··· Data supplied ···

lemma Phi_z_tendsto: "Phi_z \<longlonglongrightarrow> Vinf"
proof -
  have "(\<lambda>k. (lag k)\<^sup>2) \<longlonglongrightarrow> 0" using tendsto_power[OF lag_tendsto_0, of 2] by simp
  then have l: "(\<lambda>k. C_gap * (lag k)\<^sup>2) \<longlonglongrightarrow> 0" by (rule tendsto_mult_right_zero)
  have "(\<lambda>k. V k - Phi_z k) \<longlonglongrightarrow> 0"
  proof (rule tendsto_sandwich[OF _ _ tendsto_const l])
    show "\<forall>\<^sub>F n in sequentially. 0 \<le> V n - Phi_z n" using V_minus_Phi_z(1) by simp
    show "\<forall>\<^sub>F n in sequentially. V n - Phi_z n \<le> C_gap * (lag n)\<^sup>2" using V_minus_Phi_z(2) unfolding lag_def by simp
  qed
  from tendsto_diff[OF V_tendsto this] show ?thesis by simp
qed




definition kl_exp :: real where "kl_exp = max \<theta> (1/2)"

definition kl_const :: "real \<Rightarrow> real" where
  "kl_const \<rho> = 2 * (C_gap powr kl_exp + \<rho> * (1 - \<theta>) * C_sub) + 1"

lemma kl_exp_bounds: "0 < kl_exp" "kl_exp < 1" "\<theta> \<le> kl_exp" "1 \<le> 2 * kl_exp"
  unfolding kl_exp_def using theta by auto

lemma kl_const_pos: "\<rho> > 0 \<Longrightarrow> kl_const \<rho> > 0"
  unfolding kl_const_def using C_gap_nonneg C_sub_nonneg theta by (simp add: add_nonneg_pos)

lemma F_tendsto: "X \<longlonglongrightarrow> x \<Longrightarrow> (\<lambda>j. F (X j)) \<longlonglongrightarrow> F x"
  unfolding F_def using has_derivative_continuous[OF f_grad]
  by (intro tendsto_intros isCont_tendsto_compose[of _ "f _"]) auto

lemma V_Phi_gap_powr: "lag k \<le> 1 \<Longrightarrow> (V k - Phi_z k) powr kl_exp \<le> C_gap powr kl_exp * lag k"
proof -
  assume "lag k \<le> 1"
  have "(V k - Phi_z k) powr kl_exp \<le> (C_gap * (lag k)\<^sup>2) powr kl_exp"
    using V_minus_Phi_z[of k] kl_exp_bounds unfolding lag_def by (intro powr_mono2) auto
  also have "\<dots> = C_gap powr kl_exp * ((lag k)\<^sup>2) powr kl_exp" using C_gap_nonneg by (simp add: powr_mult)
  also have "\<dots> \<le> C_gap powr kl_exp * lag k"
    using power2_powr_le_self[OF _ \<open>lag k \<le> 1\<close> kl_exp_bounds(4)] by (intro mult_left_mono) (auto simp: lag_def)
  finally show ?thesis .
qed

text \<open>The KL inequality at \<open>z k\<close>, with \<open>subgrad k\<close> bounding the distance of \<open>0\<close> to the
  limiting subdifferential.\<close>
lemma Phi_z_gap_powr:
  assumes \<Phi>xs: "sharing_obj f g xs = ereal Vinf"
    and KLloc: "KL_ineq_near (sharing_obj f g) \<theta> xs \<epsilon> \<eta> \<rho>"
    and \<rho>: "\<rho> > 0" and near: "dist (z k) xs < \<epsilon>" and gap: "0 < Phi_z k - Vinf" "Phi_z k - Vinf < \<eta>"
  shows "(Phi_z k - Vinf) powr \<theta> \<le> \<rho> * (1 - \<theta>) * C_sub * lag k"
proof -
  define q where "q = Phi_z k - Vinf"
  have sub: "subgrad k \<in> lim_subdiff (sharing_obj f g) (z k)"
    using reg_subdiff_imp_lim_subdiff[OF subgrad_in_reg_subdiff] .
  have "norm (z k - xs) < \<epsilon> \<and> ereal Vinf < ereal (Phi_z k) \<and> ereal (Phi_z k) < ereal Vinf + ereal \<eta>
      \<and> lim_subdiff (sharing_obj f g) (z k) \<noteq> {}"
    using sub near gap by (auto simp: dist_norm)
  then have "1 \<le> \<rho> * (1 - \<theta>) * (real_of_ereal (ereal (Phi_z k) - ereal Vinf)) powr (- \<theta>)
      * infdist 0 (lim_subdiff (sharing_obj f g) (z k))"
    using KLloc[unfolded KL_ineq_near_def, rule_format, of "z k"] unfolding \<Phi>xs Phi_z_eq by blast
  then have "1 \<le> \<rho> * (1 - \<theta>) * q powr (- \<theta>) * infdist 0 (lim_subdiff (sharing_obj f g) (z k))"
    unfolding q_def by simp
  also have "\<dots> \<le> \<rho> * (1 - \<theta>) * q powr (- \<theta>) * (C_sub * lag k)"
  proof (intro mult_left_mono)
    have "infdist 0 (lim_subdiff (sharing_obj f g) (z k)) \<le> dist 0 (subgrad k)" by (rule infdist_le[OF sub])
    then show "infdist 0 (lim_subdiff (sharing_obj f g) (z k)) \<le> C_sub * lag k"
      using norm_subgrad_le[of k] unfolding lag_def by simp
  qed (use \<rho> theta in auto)
  finally have "q powr \<theta> * 1 \<le> q powr \<theta> * (\<rho> * (1 - \<theta>) * q powr (- \<theta>) * (C_sub * lag k))"
    by (intro mult_left_mono) auto
  also have "\<dots> = (q powr \<theta> * q powr (- \<theta>)) * (\<rho> * (1 - \<theta>) * C_sub * lag k)" by (simp add: algebra_simps)
  also have "q powr \<theta> * q powr (- \<theta>) = 1" using gap unfolding q_def by (simp add: powr_add[symmetric])
  finally show ?thesis unfolding q_def by simp
qed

···

## Assignment
Look over the entries above. Copy every line that contains the word "ereal".

## Output for this exercise
  assumes \<Phi>xs: "sharing_obj f g xs = ereal Vinf"
  have "norm (z k - xs) < \<epsilon> \<and> ereal Vinf < ereal (Phi_z k) \<and> ereal (Phi_z k) < ereal Vinf + ereal \<eta>
  then have "1 \<le> \<rho> * (1 - \<theta>) * (real_of_ereal (ereal (Phi_z k) - ereal Vinf)) powr (- \<theta>)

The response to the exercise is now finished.